** Data for analysis follows **

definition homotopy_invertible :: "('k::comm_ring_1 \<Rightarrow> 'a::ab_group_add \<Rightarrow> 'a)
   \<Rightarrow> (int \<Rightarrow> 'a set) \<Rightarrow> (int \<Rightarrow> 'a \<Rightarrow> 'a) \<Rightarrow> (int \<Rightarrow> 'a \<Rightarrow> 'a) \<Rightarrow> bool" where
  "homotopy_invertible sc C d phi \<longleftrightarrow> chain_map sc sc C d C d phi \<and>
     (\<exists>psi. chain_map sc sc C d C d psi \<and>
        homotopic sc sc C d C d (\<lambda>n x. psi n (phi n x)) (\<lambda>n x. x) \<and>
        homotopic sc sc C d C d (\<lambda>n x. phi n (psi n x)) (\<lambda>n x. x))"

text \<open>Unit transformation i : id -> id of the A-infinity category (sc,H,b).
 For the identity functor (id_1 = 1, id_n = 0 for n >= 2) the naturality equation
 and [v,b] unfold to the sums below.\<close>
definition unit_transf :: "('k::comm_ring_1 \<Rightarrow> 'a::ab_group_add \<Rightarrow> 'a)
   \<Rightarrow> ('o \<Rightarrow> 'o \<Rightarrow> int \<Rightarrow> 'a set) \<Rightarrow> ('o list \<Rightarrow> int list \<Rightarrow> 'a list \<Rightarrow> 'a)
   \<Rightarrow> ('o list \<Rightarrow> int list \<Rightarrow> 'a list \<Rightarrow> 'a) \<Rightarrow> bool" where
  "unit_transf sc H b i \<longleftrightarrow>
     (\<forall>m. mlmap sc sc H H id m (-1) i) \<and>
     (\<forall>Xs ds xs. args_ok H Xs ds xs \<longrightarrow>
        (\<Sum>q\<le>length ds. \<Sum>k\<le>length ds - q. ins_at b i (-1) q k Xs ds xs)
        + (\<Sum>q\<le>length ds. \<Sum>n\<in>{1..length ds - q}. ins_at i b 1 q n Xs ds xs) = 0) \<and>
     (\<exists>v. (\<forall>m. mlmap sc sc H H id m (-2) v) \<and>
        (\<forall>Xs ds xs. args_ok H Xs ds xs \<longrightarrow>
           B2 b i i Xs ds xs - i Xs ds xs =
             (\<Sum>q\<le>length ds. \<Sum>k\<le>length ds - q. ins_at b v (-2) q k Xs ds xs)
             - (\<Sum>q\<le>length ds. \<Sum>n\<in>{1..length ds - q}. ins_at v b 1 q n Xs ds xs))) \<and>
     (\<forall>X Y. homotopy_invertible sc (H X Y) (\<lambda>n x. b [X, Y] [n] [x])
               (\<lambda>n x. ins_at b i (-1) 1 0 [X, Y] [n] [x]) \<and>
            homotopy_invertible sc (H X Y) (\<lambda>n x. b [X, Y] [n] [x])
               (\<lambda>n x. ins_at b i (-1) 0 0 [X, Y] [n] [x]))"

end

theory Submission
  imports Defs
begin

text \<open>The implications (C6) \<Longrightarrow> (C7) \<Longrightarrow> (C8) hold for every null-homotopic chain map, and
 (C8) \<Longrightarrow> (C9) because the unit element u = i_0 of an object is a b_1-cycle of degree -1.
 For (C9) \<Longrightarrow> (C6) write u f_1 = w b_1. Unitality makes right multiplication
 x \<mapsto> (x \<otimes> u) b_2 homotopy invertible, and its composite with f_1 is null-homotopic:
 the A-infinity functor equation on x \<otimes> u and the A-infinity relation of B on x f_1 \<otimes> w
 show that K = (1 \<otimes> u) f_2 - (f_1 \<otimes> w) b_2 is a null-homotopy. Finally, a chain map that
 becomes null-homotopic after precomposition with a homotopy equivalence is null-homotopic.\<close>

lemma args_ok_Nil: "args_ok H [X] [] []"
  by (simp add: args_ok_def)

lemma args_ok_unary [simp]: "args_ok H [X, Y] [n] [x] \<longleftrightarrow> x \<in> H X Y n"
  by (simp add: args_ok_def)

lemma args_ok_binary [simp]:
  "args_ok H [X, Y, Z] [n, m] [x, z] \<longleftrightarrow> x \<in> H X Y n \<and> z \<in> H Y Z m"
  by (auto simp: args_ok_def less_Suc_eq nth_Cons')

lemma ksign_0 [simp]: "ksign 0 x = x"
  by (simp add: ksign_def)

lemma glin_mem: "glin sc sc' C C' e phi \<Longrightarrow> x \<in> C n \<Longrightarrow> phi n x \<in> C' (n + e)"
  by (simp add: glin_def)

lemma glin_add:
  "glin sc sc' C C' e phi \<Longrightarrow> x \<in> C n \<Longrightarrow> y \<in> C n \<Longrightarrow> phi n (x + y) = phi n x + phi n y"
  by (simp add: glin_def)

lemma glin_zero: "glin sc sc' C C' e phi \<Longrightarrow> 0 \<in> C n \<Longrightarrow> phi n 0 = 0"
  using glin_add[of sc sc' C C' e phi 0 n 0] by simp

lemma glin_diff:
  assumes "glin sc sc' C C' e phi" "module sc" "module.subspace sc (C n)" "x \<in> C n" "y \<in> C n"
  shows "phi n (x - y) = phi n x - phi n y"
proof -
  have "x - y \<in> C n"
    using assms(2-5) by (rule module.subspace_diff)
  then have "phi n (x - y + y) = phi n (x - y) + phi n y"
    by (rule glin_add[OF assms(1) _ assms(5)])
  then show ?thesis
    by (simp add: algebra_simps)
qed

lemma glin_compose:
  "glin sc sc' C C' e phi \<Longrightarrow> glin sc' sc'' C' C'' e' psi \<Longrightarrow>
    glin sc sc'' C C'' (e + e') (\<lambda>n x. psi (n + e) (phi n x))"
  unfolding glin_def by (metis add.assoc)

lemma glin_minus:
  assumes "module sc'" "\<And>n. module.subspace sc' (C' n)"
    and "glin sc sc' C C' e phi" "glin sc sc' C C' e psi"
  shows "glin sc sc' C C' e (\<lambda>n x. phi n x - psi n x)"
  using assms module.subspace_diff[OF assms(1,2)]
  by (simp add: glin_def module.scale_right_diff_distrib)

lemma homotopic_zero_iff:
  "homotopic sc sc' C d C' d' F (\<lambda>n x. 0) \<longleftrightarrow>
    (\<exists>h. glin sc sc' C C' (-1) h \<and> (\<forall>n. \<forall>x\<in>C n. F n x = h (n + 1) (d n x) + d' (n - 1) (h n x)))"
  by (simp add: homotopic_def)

** End of Data for analysis **

▶ _Task instructions_: Word for word, print every line above.

▶ _Exercise answer_:
definition homotopy_invertible :: "('k::comm_ring_1 \<Rightarrow> 'a::ab_group_add \<Rightarrow> 'a)
   \<Rightarrow> (int \<Rightarrow> 'a set) \<Rightarrow> (int \<Rightarrow> 'a \<Rightarrow> 'a) \<Rightarrow> (int \<Rightarrow> 'a \<Rightarrow> 'a) \<Rightarrow> bool" where
  "homotopy_invertible sc C d phi \<longleftrightarrow> chain_map sc sc C d C d phi \<and>
     (\<exists>psi. chain_map sc sc C d C d psi \<and>
        homotopic sc sc C d C d (\<lambda>n x. psi n (phi n x)) (\<lambda>n x. x) \<and>
        homotopic sc sc C d C d (\<lambda>n x. phi n (psi n x)) (\<lambda>n x. x))"

text \<open>Unit transformation i : id -> id of the A-infinity category (sc,H,b).
 For the identity functor (id_1 = 1, id_n = 0 for n >= 2) the naturality equation
 and [v,b] unfold to the sums below.\<close>
definition unit_transf :: "('k::comm_ring_1 \<Rightarrow> 'a::ab_group_add \<Rightarrow> 'a)
   \<Rightarrow> ('o \<Rightarrow> 'o \<Rightarrow> int \<Rightarrow> 'a set) \<Rightarrow> ('o list \<Rightarrow> int list \<Rightarrow> 'a list \<Rightarrow> 'a)
   \<Rightarrow> ('o list \<Rightarrow> int list \<Rightarrow> 'a list \<Rightarrow> 'a) \<Rightarrow> bool" where
  "unit_transf sc H b i \<longleftrightarrow>
     (\<forall>m. mlmap sc sc H H id m (-1) i) \<and>
     (\<forall>Xs ds xs. args_ok H Xs ds xs \<longrightarrow>
        (\<Sum>q\<le>length ds. \<Sum>k\<le>length ds - q. ins_at b i (-1) q k Xs ds xs)
        + (\<Sum>q\<le>length ds. \<Sum>n\<in>{1..length ds - q}. ins_at i b 1 q n Xs ds xs) = 0) \<and>
     (\<exists>v. (\<forall>m. mlmap sc sc H H id m (-2) v) \<and>
        (\<forall>Xs ds xs. args_ok H Xs ds xs \<longrightarrow>
           B2 b i i Xs ds xs - i Xs ds xs =
             (\<Sum>q\<le>length ds. \<Sum>k\<le>length ds - q. ins_at b v (-2) q k Xs ds xs)
             - (\<Sum>q\<le>length ds. \<Sum>n\<in>{1..length ds - q}. ins_at v b 1 q n Xs ds xs))) \<and>
     (\<forall>X Y. homotopy_invertible sc (H X Y) (\<lambda>n x. b [X, Y] [n] [x])
               (\<lambda>n x. ins_at b i (-1) 1 0 [X, Y] [n] [x]) \<and>
            homotopy_invertible sc (H X Y) (\<lambda>n x. b [X, Y] [n] [x])
               (\<lambda>n x. ins_at b i (-1) 0 0 [X, Y] [n] [x]))"

end

theory Submission
  imports Defs
begin

text \<open>The implications (C6) \<Longrightarrow> (C7) \<Longrightarrow> (C8) hold for every null-homotopic chain map, and
 (C8) \<Longrightarrow> (C9) because the unit element u = i_0 of an object is a b_1-cycle of degree -1.
 For (C9) \<Longrightarrow> (C6) write u f_1 = w b_1. Unitality makes right multiplication
 x \<mapsto> (x \<otimes> u) b_2 homotopy invertible, and its composite with f_1 is null-homotopic:
 the A-infinity functor equation on x \<otimes> u and the A-infinity relation of B on x f_1 \<otimes> w
 show that K = (1 \<otimes> u) f_2 - (f_1 \<otimes> w) b_2 is a null-homotopy. Finally, a chain map that
 becomes null-homotopic after precomposition with a homotopy equivalence is null-homotopic.\<close>

lemma args_ok_Nil: "args_ok H [X] [] []"
  by (simp add: args_ok_def)

lemma args_ok_unary [simp]: "args_ok H [X, Y] [n] [x] \<longleftrightarrow> x \<in> H X Y n"
  by (simp add: args_ok_def)

lemma args_ok_binary [simp]:
  "args_ok H [X, Y, Z] [n, m] [x, z] \<longleftrightarrow> x \<in> H X Y n \<and> z \<in> H Y Z m"
  by (auto simp: args_ok_def less_Suc_eq nth_Cons')

lemma ksign_0 [simp]: "ksign 0 x = x"
  by (simp add: ksign_def)

lemma glin_mem: "glin sc sc' C C' e phi \<Longrightarrow> x \<in> C n \<Longrightarrow> phi n x \<in> C' (n + e)"
  by (simp add: glin_def)

lemma glin_add:
  "glin sc sc' C C' e phi \<Longrightarrow> x \<in> C n \<Longrightarrow> y \<in> C n \<Longrightarrow> phi n (x + y) = phi n x + phi n y"
  by (simp add: glin_def)

lemma glin_zero: "glin sc sc' C C' e phi \<Longrightarrow> 0 \<in> C n \<Longrightarrow> phi n 0 = 0"
  using glin_add[of sc sc' C C' e phi 0 n 0] by simp

lemma glin_diff:
  assumes "glin sc sc' C C' e phi" "module sc" "module.subspace sc (C n)" "x \<in> C n" "y \<in> C n"
  shows "phi n (x - y) = phi n x - phi n y"
proof -
  have "x - y \<in> C n"
    using assms(2-5) by (rule module.subspace_diff)
  then have "phi n (x - y + y) = phi n (x - y) + phi n y"
    by (rule glin_add[OF assms(1) _ assms(5)])
  then show ?thesis
    by (simp add: algebra_simps)
qed

lemma glin_compose:
  "glin sc sc' C C' e phi \<Longrightarrow> glin sc' sc'' C' C'' e' psi \<Longrightarrow>
    glin sc sc'' C C'' (e + e') (\<lambda>n x. psi (n + e) (phi n x))"
  unfolding glin_def by (metis add.assoc)

lemma glin_minus:
  assumes "module sc'" "\<And>n. module.subspace sc' (C' n)"
    and "glin sc sc' C C' e phi" "glin sc sc' C C' e psi"
  shows "glin sc sc' C C' e (\<lambda>n x. phi n x - psi n x)"
  using assms module.subspace_diff[OF assms(1,2)]
  by (simp add: glin_def module.scale_right_diff_distrib)

lemma homotopic_zero_iff:
  "homotopic sc sc' C d C' d' F (\<lambda>n x. 0) \<longleftrightarrow>
    (\<exists>h. glin sc sc' C C' (-1) h \<and> (\<forall>n. \<forall>x\<in>C n. F n x = h (n + 1) (d n x) + d' (n - 1) (h n x)))"
  by (simp add: homotopic_def)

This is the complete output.